#### [RECORDS FOR THIS TASK]
(* Let $0<\beta<1$, let $\Omega\subset\mathbb{C}$ be a bounded doubly-connected domain, and let $f\colon B_1-\overline{B}_\beta\to\Omega$ be an orientation preserving biholomorphic map. For $t\in(\ln\beta,0)$ define $$A(t)=\frac{1}{2\pi e^t}\int_{\partial B_{e^t}(0)}\frac{1}{|f_z|}\,dl,\qquad B(t)=A''(t)-2A'(t).$$ Then $B(t)\ge0$ for all $t\in(\ln\beta,0)$. Furthermore, if $B(t_0)=0$ for some $t_0\in(\ln\beta,0)$, or if $\lim_{t\to0}B(t)=0$, then $B(t)=0$ for all $t\in(\ln\beta,0)$ and $$f(z)=C_1+C_2z\quad\text{or}\quad f(z)=C_1+\frac{C_2}{z+C_3}$$ for some constants $C_1,C_2,C_3\in\mathbb{C}$.
   Context: $B_r(0)$ is the open disk of radius $r$ centered at $0$, $dl$ is Euclidean arc length, and $f_z=\partial_z f$ is the complex derivative. *)

theory Defs
  imports "HOL-Complex_Analysis.Complex_Analysis"
begin

definition annulus :: "real \<Rightarrow> complex set" where
  "annulus \<beta> = {z. \<beta> < norm z \<and> norm z < 1}"

text \<open>A(t) = 1/(2 pi e^t) times the arc-length integral of 1/|f'| over the circle |z| = e^t,
  written via the parametrisation z = e^t cis theta, dl = e^t dtheta.\<close>
definition A_fun :: "(complex \<Rightarrow> complex) \<Rightarrow> real \<Rightarrow> real" where
  "A_fun f t = (1 / (2 * pi * exp t)) *
     integral {0..2*pi} (\<lambda>\<theta>. exp t * (1 / norm (deriv f (of_real (exp t) * cis \<theta>))))"

definition B_fun :: "(complex \<Rightarrow> complex) \<Rightarrow> real \<Rightarrow> real" where
  "B_fun f t = deriv (deriv (A_fun f)) t - 2 * deriv (A_fun f) t"

end

theory Submission
  imports Defs
begin

(*
  Since f is univalent, f' has no zeros, and along a circle the loop z f'(z) has odd winding
  number: difference quotients of f deform it, without vanishing, into the odd loop
  (f(z) - f(-z)) / 2. Hence 1 / f' has a holomorphic square root h on the annulus, and A(t) is
  the mean of |h|^2 over the circle of radius e^t. Parseval's identity for the Laurent series
  h(z) = sum a_n z^n + sum b_n z^(-n-1) gives

    A(t) = sum |a_n|^2 e^(2 n t) + sum |b_n|^2 e^(-2 (n+1) t),

  and every exponential e^(l t) contributes (l^2 - 2 l) times its weight to B = A'' - 2 A'.
  This factor is nonnegative for all exponents that occur and vanishes only for l = 0 and l = 2.
  So B >= 0, and if B vanishes at a point or in the limit t -> 0, then h = a_0 + a_1 z, that is
  f' = (a_0 + a_1 z)^(-2), which integrates to the two stated forms.
*)

section \<open>Exponential series\<close>

definition exp_series :: "(nat \<Rightarrow> real) \<Rightarrow> (nat \<Rightarrow> real) \<Rightarrow> real \<Rightarrow> real" where
  "exp_series w l s = (\<Sum>n. w n * exp (l n * s))"

lemma abs_mult_exp_le:
  fixes l s d :: real
  assumes "d > 0"
  shows "\<bar>l\<bar> * exp (l * s) \<le> (exp (l * (s + d)) + exp (l * (s - d))) / d"
proof -
  have "\<bar>l\<bar> * d \<le> exp (\<bar>l\<bar> * d)"
    using exp_ge_add_one_self[of "\<bar>l\<bar> * d"] by linarith
  also have "\<dots> \<le> exp (l * d) + exp (- (l * d))"
    by (cases "l \<ge> 0") auto
  finally have "\<bar>l\<bar> * d * exp (l * s) \<le> (exp (l * d) + exp (- (l * d))) * exp (l * s)"
    by (rule mult_right_mono) simp
  also have "\<dots> = exp (l * (s + d)) + exp (l * (s - d))"
    by (simp add: algebra_simps flip: exp_add)
  finally show ?thesis
    using assms by (simp add: field_simps mult.commute mult.left_commute)
qed

lemma interval_margin:
  fixes s :: real
  assumes "s \<in> {a<..<b}"
  obtains d where "d > 0" "s + d \<in> {a<..<b}" "s - d \<in> {a<..<b}"
proof
  show "min (s - a) (b - s) / 2 > 0" "s + min (s - a) (b - s) / 2 \<in> {a<..<b}"
    "s - min (s - a) (b - s) / 2 \<in> {a<..<b}"
    using assms unfolding greaterThanLessThan_iff min_def by (auto simp: field_simps)
qed

lemma exp_series_summable_mult_exponent:
  fixes w l :: "nat \<Rightarrow> real"
  assumes summ: "\<And>s. s \<in> {a<..<b} \<Longrightarrow> summable (\<lambda>n. \<bar>w n\<bar> * exp (l n * s))"
    and s: "s \<in> {a<..<b}"
  shows "summable (\<lambda>n. \<bar>w n * l n\<bar> * exp (l n * s))"
proof -
  obtain d where d: "d > 0" "s + d \<in> {a<..<b}" "s - d \<in> {a<..<b}"
    using interval_margin[OF s] .
  have "summable (\<lambda>n. (\<bar>w n\<bar> * exp (l n * (s + d)) + \<bar>w n\<bar> * exp (l n * (s - d))) / d)"
    by (intro summable_divide summable_add summ d)
  then show ?thesis
  proof (rule summable_comparison_test')
    fix n
    have "\<bar>w n\<bar> * (\<bar>l n\<bar> * exp (l n * s)) \<le> \<bar>w n\<bar> * ((exp (l n * (s + d)) + exp (l n * (s - d))) / d)"
      by (intro mult_left_mono abs_mult_exp_le d) auto
    then show "norm (\<bar>w n * l n\<bar> * exp (l n * s))
        \<le> (\<bar>w n\<bar> * exp (l n * (s + d)) + \<bar>w n\<bar> * exp (l n * (s - d))) / d"
      by (simp add: abs_mult algebra_simps add_divide_distrib)
  qed
qed

lemma exp_series_has_real_derivative:
  fixes w l :: "nat \<Rightarrow> real"
  assumes summ: "\<And>s. s \<in> {a<..<b} \<Longrightarrow> summable (\<lambda>n. \<bar>w n\<bar> * exp (l n * s))"
    and t: "t \<in> {a<..<b}"
  shows "(exp_series w l has_real_derivative exp_series (\<lambda>n. w n * l n) l t) (at t)"
proof -
  obtain d where d: "d > 0" "t + d \<in> {a<..<b}" "t - d \<in> {a<..<b}"
    using interval_margin[OF t] .
  have majorant: "summable (\<lambda>n. \<bar>w n * l n\<bar> * exp (l n * (t + d)) + \<bar>w n * l n\<bar> * exp (l n * (t - d)))"
    using d by (intro summable_add exp_series_summable_mult_exponent[OF summ]) auto
  have "uniformly_convergent_on {t-d..t+d} (\<lambda>n x. \<Sum>i<n. w i * l i * exp (l i * x))"
  proof (rule Weierstrass_m_test'[OF _ majorant])
    fix n x assume x: "x \<in> {t-d..t+d}"
    have "l n * x \<le> l n * (t + d) \<or> l n * x \<le> l n * (t - d)"
      using x by (cases "l n \<ge> 0") (auto intro: mult_left_mono mult_left_mono_neg)
    then have "exp (l n * x) \<le> exp (l n * (t + d)) + exp (l n * (t - d))"
      by (smt (verit) exp_gt_zero exp_le_cancel_iff)
    then have "\<bar>w n * l n\<bar> * exp (l n * x) \<le> \<bar>w n * l n\<bar> * (exp (l n * (t + d)) + exp (l n * (t - d)))"
      by (intro mult_left_mono) auto
    then show "norm (w n * l n * exp (l n * x))
        \<le> \<bar>w n * l n\<bar> * exp (l n * (t + d)) + \<bar>w n * l n\<bar> * exp (l n * (t - d))"
      by (simp add: abs_mult algebra_simps)
  qed
  moreover have "summable (\<lambda>n. w n * exp (l n * t))"
    by (rule summable_comparison_test'[OF summ[OF t]]) (simp add: abs_mult)
  moreover have "t \<in> interior {t-d..t+d}"
    using d by auto
  ultimately show ?thesis
    unfolding exp_series_def[abs_def]
    by (intro has_field_derivative_series'(2)[where S="{t-d..t+d}"])
       (use d in \<open>auto intro!: derivative_eq_intros\<close>)
qed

#### [ABOUT THIS EXERCISE]
Above is a listing; print exactly its lines from the one with "So B >= 0, and" through the one with "(exp (l * d)", and no other lines.

#### [RESPONSE FOR THIS EXERCISE]
  So B >= 0, and if B vanishes at a point or in the limit t -> 0, then h = a_0 + a_1 z, that is
  f' = (a_0 + a_1 z)^(-2), which integrates to the two stated forms.
*)

section \<open>Exponential series\<close>

definition exp_series :: "(nat \<Rightarrow> real) \<Rightarrow> (nat \<Rightarrow> real) \<Rightarrow> real \<Rightarrow> real" where
  "exp_series w l s = (\<Sum>n. w n * exp (l n * s))"

lemma abs_mult_exp_le:
  fixes l s d :: real
  assumes "d > 0"
  shows "\<bar>l\<bar> * exp (l * s) \<le> (exp (l * (s + d)) + exp (l * (s - d))) / d"
proof -
  have "\<bar>l\<bar> * d \<le> exp (\<bar>l\<bar> * d)"
    using exp_ge_add_one_self[of "\<bar>l\<bar> * d"] by linarith
  also have "\<dots> \<le> exp (l * d) + exp (- (l * d))"
    by (cases "l \<ge> 0") auto
  finally have "\<bar>l\<bar> * d * exp (l * s) \<le> (exp (l * d) + exp (- (l * d))) * exp (l * s)"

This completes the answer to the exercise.